INSTRUCTIONS FOR THE TASK: Among the entries below, extract exactly the lines that run from the one with "define h where" through the one with "using elim delta_pos", both ends included.

(Stored items)
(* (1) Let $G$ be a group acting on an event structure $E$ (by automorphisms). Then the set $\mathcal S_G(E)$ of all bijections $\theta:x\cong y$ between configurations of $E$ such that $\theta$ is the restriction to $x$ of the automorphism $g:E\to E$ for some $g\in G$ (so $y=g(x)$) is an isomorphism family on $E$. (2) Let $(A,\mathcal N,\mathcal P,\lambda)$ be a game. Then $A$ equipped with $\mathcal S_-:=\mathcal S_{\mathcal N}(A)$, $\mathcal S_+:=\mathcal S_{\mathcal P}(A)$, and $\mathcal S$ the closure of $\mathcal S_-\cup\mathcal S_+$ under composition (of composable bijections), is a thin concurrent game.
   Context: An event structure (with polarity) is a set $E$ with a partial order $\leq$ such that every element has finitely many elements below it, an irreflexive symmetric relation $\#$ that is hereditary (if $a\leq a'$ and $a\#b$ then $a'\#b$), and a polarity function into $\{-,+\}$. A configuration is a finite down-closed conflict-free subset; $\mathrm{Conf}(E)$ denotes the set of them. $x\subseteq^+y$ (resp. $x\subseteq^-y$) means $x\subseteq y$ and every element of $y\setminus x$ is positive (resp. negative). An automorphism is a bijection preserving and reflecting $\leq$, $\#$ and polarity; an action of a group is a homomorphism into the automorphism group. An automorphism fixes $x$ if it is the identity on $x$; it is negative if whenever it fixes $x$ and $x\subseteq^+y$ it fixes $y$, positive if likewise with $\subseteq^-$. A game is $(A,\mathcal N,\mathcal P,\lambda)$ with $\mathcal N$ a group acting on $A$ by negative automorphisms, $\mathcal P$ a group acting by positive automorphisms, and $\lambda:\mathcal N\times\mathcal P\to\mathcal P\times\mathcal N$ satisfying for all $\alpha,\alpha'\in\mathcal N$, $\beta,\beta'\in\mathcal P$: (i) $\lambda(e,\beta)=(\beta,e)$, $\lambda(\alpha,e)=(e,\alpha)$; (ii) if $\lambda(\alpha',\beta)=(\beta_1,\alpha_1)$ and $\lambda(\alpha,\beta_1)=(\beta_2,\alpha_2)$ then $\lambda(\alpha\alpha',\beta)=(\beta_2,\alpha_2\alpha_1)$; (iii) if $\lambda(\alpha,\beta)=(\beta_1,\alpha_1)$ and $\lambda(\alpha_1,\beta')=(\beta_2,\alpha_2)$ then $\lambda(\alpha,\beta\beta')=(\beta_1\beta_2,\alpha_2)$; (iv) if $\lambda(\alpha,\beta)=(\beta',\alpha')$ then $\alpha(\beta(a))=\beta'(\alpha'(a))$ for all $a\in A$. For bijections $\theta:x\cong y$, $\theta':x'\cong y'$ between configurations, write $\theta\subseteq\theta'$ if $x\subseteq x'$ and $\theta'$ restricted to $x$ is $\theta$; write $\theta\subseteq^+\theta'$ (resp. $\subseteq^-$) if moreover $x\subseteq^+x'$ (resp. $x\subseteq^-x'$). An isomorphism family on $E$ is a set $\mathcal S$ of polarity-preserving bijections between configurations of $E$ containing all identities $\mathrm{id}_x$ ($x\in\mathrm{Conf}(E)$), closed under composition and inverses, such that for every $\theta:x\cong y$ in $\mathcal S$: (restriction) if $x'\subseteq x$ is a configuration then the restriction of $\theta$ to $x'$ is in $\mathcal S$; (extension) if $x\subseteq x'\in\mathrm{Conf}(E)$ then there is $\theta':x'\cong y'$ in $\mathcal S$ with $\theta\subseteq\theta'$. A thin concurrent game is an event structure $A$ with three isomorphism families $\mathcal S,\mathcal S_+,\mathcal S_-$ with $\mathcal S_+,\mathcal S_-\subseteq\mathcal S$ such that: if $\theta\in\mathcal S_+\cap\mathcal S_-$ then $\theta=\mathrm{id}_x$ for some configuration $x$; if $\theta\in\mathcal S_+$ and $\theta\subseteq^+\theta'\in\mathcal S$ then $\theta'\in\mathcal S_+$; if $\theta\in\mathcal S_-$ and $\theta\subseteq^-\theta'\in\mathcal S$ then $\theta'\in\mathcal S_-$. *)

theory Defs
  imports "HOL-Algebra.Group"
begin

---

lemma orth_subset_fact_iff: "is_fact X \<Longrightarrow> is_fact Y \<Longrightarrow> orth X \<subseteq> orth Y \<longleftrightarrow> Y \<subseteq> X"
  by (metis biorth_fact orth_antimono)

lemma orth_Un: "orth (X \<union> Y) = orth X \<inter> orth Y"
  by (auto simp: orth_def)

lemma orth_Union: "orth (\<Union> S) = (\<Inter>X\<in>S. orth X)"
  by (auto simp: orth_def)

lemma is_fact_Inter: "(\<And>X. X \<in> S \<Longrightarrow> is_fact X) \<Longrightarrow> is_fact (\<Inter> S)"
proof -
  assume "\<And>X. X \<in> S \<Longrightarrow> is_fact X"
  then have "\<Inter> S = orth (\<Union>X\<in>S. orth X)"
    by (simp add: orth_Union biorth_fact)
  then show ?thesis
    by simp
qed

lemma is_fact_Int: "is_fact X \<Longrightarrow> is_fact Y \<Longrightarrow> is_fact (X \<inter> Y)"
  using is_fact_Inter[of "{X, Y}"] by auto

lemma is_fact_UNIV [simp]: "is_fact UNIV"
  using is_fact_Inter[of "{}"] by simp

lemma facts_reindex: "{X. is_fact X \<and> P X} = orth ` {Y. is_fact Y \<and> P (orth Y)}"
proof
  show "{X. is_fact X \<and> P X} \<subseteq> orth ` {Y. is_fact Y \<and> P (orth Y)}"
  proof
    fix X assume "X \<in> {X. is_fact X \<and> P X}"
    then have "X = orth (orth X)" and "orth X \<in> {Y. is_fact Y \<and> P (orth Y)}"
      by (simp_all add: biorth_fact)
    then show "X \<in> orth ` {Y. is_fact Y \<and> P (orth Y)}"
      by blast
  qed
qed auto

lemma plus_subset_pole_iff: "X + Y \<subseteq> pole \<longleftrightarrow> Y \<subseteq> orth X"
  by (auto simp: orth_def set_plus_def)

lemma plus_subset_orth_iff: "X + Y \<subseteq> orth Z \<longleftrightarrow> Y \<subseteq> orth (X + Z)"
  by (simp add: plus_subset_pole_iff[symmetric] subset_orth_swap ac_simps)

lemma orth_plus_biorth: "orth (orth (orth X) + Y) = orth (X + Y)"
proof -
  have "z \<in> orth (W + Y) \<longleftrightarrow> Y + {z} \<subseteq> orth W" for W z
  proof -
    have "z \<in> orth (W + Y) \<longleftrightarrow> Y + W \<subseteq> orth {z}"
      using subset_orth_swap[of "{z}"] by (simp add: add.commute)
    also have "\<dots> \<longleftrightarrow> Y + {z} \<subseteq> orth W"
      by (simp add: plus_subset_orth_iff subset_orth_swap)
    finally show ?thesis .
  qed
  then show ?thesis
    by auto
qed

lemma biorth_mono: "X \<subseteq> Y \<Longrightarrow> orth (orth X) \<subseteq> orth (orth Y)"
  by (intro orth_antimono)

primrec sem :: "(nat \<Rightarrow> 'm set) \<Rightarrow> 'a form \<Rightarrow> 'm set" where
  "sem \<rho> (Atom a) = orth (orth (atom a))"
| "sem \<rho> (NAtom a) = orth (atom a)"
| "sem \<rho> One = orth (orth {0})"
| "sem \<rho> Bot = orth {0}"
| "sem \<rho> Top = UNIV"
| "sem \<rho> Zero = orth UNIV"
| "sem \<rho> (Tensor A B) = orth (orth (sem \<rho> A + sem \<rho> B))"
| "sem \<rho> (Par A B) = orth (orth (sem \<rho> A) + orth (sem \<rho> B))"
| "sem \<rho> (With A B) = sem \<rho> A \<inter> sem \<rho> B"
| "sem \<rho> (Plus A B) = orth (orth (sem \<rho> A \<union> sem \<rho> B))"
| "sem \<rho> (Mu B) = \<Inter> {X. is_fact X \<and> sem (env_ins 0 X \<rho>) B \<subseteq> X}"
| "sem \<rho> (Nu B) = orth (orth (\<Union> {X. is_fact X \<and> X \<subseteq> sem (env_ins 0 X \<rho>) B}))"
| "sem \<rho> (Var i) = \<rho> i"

==

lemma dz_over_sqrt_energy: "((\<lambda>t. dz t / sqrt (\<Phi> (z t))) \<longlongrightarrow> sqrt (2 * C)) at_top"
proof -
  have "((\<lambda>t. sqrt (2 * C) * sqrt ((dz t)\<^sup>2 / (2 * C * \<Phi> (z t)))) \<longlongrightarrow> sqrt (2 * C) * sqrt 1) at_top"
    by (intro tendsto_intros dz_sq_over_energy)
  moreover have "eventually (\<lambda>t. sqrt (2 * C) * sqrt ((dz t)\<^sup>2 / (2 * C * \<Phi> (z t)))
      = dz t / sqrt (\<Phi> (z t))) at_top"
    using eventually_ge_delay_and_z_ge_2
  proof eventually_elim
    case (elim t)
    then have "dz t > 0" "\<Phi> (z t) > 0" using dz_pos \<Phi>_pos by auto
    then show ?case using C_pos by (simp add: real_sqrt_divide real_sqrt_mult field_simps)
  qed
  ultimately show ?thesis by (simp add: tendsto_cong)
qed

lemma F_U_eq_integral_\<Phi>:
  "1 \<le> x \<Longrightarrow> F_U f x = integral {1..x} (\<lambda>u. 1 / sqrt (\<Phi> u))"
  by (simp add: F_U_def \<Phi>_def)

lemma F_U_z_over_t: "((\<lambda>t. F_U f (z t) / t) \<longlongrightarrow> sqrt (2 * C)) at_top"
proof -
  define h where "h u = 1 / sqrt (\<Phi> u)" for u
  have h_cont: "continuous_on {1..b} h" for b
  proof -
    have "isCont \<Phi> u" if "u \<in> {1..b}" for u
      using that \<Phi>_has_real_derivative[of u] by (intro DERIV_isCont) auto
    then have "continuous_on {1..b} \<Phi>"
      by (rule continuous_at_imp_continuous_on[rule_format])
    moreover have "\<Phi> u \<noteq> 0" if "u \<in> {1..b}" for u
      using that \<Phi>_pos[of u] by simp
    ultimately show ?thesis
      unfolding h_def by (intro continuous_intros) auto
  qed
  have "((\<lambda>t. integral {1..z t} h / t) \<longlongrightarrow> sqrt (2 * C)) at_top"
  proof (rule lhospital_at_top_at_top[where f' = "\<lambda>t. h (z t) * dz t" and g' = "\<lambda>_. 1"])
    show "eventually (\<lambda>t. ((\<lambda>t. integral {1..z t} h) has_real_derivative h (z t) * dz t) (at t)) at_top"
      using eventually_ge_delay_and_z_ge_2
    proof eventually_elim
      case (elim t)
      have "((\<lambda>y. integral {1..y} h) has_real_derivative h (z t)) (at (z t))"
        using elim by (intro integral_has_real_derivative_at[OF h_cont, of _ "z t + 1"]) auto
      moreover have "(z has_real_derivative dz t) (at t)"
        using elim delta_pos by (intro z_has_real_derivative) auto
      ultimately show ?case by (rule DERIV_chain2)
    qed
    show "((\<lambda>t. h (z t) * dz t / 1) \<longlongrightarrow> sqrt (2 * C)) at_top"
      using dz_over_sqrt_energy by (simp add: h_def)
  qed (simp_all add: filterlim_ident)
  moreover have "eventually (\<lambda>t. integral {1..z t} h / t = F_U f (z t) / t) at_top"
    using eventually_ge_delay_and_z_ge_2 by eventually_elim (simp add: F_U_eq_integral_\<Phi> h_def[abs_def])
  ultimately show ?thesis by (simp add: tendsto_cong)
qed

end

ANSWER SECTION:
  define h where "h u = 1 / sqrt (\<Phi> u)" for u
  have h_cont: "continuous_on {1..b} h" for b
  proof -
    have "isCont \<Phi> u" if "u \<in> {1..b}" for u
      using that \<Phi>_has_real_derivative[of u] by (intro DERIV_isCont) auto
    then have "continuous_on {1..b} \<Phi>"
      by (rule continuous_at_imp_continuous_on[rule_format])
    moreover have "\<Phi> u \<noteq> 0" if "u \<in> {1..b}" for u
      using that \<Phi>_pos[of u] by simp
    ultimately show ?thesis
      unfolding h_def by (intro continuous_intros) auto
  qed
  have "((\<lambda>t. integral {1..z t} h / t) \<longlongrightarrow> sqrt (2 * C)) at_top"
  proof (rule lhospital_at_top_at_top[where f' = "\<lambda>t. h (z t) * dz t" and g' = "\<lambda>_. 1"])
    show "eventually (\<lambda>t. ((\<lambda>t. integral {1..z t} h) has_real_derivative h (z t) * dz t) (at t)) at_top"
      using eventually_ge_delay_and_z_ge_2
    proof eventually_elim
      case (elim t)
      have "((\<lambda>y. integral {1..y} h) has_real_derivative h (z t)) (at (z t))"
        using elim by (intro integral_has_real_derivative_at[OF h_cont, of _ "z t + 1"]) auto
      moreover have "(z has_real_derivative dz t) (at t)"
        using elim delta_pos by (intro z_has_real_derivative) auto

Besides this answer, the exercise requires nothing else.